• **THE INPUT**
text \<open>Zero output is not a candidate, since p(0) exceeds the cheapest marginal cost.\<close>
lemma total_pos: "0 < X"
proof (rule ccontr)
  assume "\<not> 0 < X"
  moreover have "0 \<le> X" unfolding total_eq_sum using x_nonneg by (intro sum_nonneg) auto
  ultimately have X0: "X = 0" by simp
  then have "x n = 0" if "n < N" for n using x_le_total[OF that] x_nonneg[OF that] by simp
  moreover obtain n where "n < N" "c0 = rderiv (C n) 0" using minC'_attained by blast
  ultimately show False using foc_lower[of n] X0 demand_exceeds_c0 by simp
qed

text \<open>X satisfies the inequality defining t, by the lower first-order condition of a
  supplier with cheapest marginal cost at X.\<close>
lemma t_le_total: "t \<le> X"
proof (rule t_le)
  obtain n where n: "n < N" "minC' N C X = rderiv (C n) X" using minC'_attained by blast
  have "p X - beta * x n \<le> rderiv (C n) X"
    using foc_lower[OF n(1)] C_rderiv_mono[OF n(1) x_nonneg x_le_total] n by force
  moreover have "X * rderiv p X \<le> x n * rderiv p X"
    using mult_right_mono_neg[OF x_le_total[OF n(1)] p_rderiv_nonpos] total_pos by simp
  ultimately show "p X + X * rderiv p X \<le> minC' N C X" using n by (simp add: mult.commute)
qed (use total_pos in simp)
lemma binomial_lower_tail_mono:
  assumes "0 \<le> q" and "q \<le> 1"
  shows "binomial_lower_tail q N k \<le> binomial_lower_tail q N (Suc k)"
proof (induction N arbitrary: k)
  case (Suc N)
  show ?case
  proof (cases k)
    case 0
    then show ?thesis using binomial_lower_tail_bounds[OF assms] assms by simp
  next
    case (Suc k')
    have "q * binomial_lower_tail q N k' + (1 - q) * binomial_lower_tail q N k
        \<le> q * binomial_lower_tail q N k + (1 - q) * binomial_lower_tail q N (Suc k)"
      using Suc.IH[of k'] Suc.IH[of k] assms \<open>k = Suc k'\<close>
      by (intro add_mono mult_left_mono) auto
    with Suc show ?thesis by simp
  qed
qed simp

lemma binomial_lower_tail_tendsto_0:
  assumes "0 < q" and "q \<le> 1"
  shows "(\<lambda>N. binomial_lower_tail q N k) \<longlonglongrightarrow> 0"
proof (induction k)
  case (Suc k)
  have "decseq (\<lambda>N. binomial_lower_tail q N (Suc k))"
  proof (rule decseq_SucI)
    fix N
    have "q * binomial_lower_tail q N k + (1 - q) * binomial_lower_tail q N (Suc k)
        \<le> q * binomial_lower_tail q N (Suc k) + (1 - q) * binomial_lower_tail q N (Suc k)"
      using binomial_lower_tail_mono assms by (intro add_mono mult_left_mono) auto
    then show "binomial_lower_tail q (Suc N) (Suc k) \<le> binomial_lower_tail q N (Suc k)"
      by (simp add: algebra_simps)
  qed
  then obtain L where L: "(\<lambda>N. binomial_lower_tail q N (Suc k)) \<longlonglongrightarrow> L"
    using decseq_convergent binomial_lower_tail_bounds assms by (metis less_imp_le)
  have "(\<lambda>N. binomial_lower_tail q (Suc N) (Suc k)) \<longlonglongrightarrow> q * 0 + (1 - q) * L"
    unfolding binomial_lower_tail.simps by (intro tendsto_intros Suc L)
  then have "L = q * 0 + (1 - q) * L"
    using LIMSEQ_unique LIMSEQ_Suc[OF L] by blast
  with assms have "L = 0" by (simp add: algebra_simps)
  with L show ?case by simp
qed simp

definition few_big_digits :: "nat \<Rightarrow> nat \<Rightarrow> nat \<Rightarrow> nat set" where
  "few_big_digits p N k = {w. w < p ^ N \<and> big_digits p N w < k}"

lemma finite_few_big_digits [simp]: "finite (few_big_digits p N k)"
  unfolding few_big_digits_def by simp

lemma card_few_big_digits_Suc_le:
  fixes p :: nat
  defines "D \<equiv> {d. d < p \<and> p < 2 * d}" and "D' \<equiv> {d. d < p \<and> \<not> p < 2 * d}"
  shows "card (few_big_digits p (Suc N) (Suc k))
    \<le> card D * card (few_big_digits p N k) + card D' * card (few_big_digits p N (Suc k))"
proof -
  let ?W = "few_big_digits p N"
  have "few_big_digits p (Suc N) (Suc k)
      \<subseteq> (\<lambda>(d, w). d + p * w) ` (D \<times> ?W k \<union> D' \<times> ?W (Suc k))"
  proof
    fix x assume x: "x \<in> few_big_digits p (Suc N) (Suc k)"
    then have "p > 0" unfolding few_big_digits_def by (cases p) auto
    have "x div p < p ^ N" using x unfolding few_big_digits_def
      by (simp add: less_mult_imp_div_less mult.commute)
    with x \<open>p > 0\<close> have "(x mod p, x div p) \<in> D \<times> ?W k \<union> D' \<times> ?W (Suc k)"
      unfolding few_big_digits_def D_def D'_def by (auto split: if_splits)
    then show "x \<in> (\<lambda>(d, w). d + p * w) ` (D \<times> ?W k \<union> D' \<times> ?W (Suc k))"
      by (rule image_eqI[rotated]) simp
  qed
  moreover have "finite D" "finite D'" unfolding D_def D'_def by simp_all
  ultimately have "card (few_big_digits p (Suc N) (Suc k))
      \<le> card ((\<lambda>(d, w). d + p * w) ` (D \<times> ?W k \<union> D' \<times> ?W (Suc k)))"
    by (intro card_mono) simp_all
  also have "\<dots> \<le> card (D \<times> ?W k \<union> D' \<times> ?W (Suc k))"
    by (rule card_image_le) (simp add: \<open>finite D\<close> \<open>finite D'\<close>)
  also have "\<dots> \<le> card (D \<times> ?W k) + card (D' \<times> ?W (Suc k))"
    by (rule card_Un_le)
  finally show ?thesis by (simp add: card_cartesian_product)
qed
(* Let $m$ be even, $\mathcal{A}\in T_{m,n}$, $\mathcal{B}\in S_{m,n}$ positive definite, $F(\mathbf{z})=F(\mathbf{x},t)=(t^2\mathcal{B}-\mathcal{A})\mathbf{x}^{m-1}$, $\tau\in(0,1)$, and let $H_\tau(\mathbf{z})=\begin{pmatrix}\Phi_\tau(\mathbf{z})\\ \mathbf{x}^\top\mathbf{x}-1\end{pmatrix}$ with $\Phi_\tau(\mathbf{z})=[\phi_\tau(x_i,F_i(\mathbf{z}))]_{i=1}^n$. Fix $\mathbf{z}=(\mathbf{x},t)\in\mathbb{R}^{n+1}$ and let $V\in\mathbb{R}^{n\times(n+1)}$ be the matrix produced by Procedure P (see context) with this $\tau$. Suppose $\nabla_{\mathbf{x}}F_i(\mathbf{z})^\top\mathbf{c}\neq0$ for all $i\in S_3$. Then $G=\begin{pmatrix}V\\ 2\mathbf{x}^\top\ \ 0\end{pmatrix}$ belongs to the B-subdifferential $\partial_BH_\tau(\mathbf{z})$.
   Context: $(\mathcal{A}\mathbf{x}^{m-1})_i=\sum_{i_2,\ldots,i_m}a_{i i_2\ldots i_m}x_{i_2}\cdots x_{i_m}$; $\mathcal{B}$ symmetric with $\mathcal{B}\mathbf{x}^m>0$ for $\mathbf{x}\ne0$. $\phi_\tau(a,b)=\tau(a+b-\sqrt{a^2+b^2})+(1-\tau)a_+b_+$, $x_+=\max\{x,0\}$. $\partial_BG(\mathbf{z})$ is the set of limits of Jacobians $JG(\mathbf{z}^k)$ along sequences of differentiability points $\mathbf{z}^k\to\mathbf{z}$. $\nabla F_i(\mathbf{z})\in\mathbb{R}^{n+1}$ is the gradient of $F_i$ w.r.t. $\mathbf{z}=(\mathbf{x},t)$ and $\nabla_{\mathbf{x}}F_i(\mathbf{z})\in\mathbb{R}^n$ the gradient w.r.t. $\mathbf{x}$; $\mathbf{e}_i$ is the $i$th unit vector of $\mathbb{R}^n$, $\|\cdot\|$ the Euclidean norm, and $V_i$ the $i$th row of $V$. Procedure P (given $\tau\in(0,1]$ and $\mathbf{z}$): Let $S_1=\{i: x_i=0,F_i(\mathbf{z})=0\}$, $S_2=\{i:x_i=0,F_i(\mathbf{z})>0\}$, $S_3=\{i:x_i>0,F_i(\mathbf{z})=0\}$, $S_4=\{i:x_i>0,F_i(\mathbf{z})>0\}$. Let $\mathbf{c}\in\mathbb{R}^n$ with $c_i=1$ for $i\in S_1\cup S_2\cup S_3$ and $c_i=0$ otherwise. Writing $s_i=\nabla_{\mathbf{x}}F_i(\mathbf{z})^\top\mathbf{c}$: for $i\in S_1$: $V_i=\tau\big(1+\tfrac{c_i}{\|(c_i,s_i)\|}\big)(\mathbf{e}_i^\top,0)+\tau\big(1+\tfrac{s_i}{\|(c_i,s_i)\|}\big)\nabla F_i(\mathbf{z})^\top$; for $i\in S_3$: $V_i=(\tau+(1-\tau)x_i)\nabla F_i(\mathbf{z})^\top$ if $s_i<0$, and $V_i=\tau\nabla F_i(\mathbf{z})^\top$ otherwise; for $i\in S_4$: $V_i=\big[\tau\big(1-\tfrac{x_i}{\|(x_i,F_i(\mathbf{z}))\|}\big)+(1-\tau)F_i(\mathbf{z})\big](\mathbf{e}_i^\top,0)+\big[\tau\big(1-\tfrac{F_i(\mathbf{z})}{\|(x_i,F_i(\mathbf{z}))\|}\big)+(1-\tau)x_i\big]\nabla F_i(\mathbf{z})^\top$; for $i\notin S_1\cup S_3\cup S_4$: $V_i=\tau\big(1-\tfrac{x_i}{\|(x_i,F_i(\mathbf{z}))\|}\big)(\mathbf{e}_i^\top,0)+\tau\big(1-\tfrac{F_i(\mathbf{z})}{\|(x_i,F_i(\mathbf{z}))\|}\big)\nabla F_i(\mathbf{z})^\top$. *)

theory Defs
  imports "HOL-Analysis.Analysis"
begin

• **THE TASK**
Retype only this portion of the data above: the line containing "unfolding few_big_digits_def by simp", the line containing "unfolding few_big_digits_def D_def", and all lines between them, exactly.

• **TASK RESPONSE**
  unfolding few_big_digits_def by simp

lemma card_few_big_digits_Suc_le:
  fixes p :: nat
  defines "D \<equiv> {d. d < p \<and> p < 2 * d}" and "D' \<equiv> {d. d < p \<and> \<not> p < 2 * d}"
  shows "card (few_big_digits p (Suc N) (Suc k))
    \<le> card D * card (few_big_digits p N k) + card D' * card (few_big_digits p N (Suc k))"
proof -
  let ?W = "few_big_digits p N"
  have "few_big_digits p (Suc N) (Suc k)
      \<subseteq> (\<lambda>(d, w). d + p * w) ` (D \<times> ?W k \<union> D' \<times> ?W (Suc k))"
  proof
    fix x assume x: "x \<in> few_big_digits p (Suc N) (Suc k)"
    then have "p > 0" unfolding few_big_digits_def by (cases p) auto
    have "x div p < p ^ N" using x unfolding few_big_digits_def
      by (simp add: less_mult_imp_div_less mult.commute)
    with x \<open>p > 0\<close> have "(x mod p, x div p) \<in> D \<times> ?W k \<union> D' \<times> ?W (Suc k)"
      unfolding few_big_digits_def D_def D'_def by (auto split: if_splits)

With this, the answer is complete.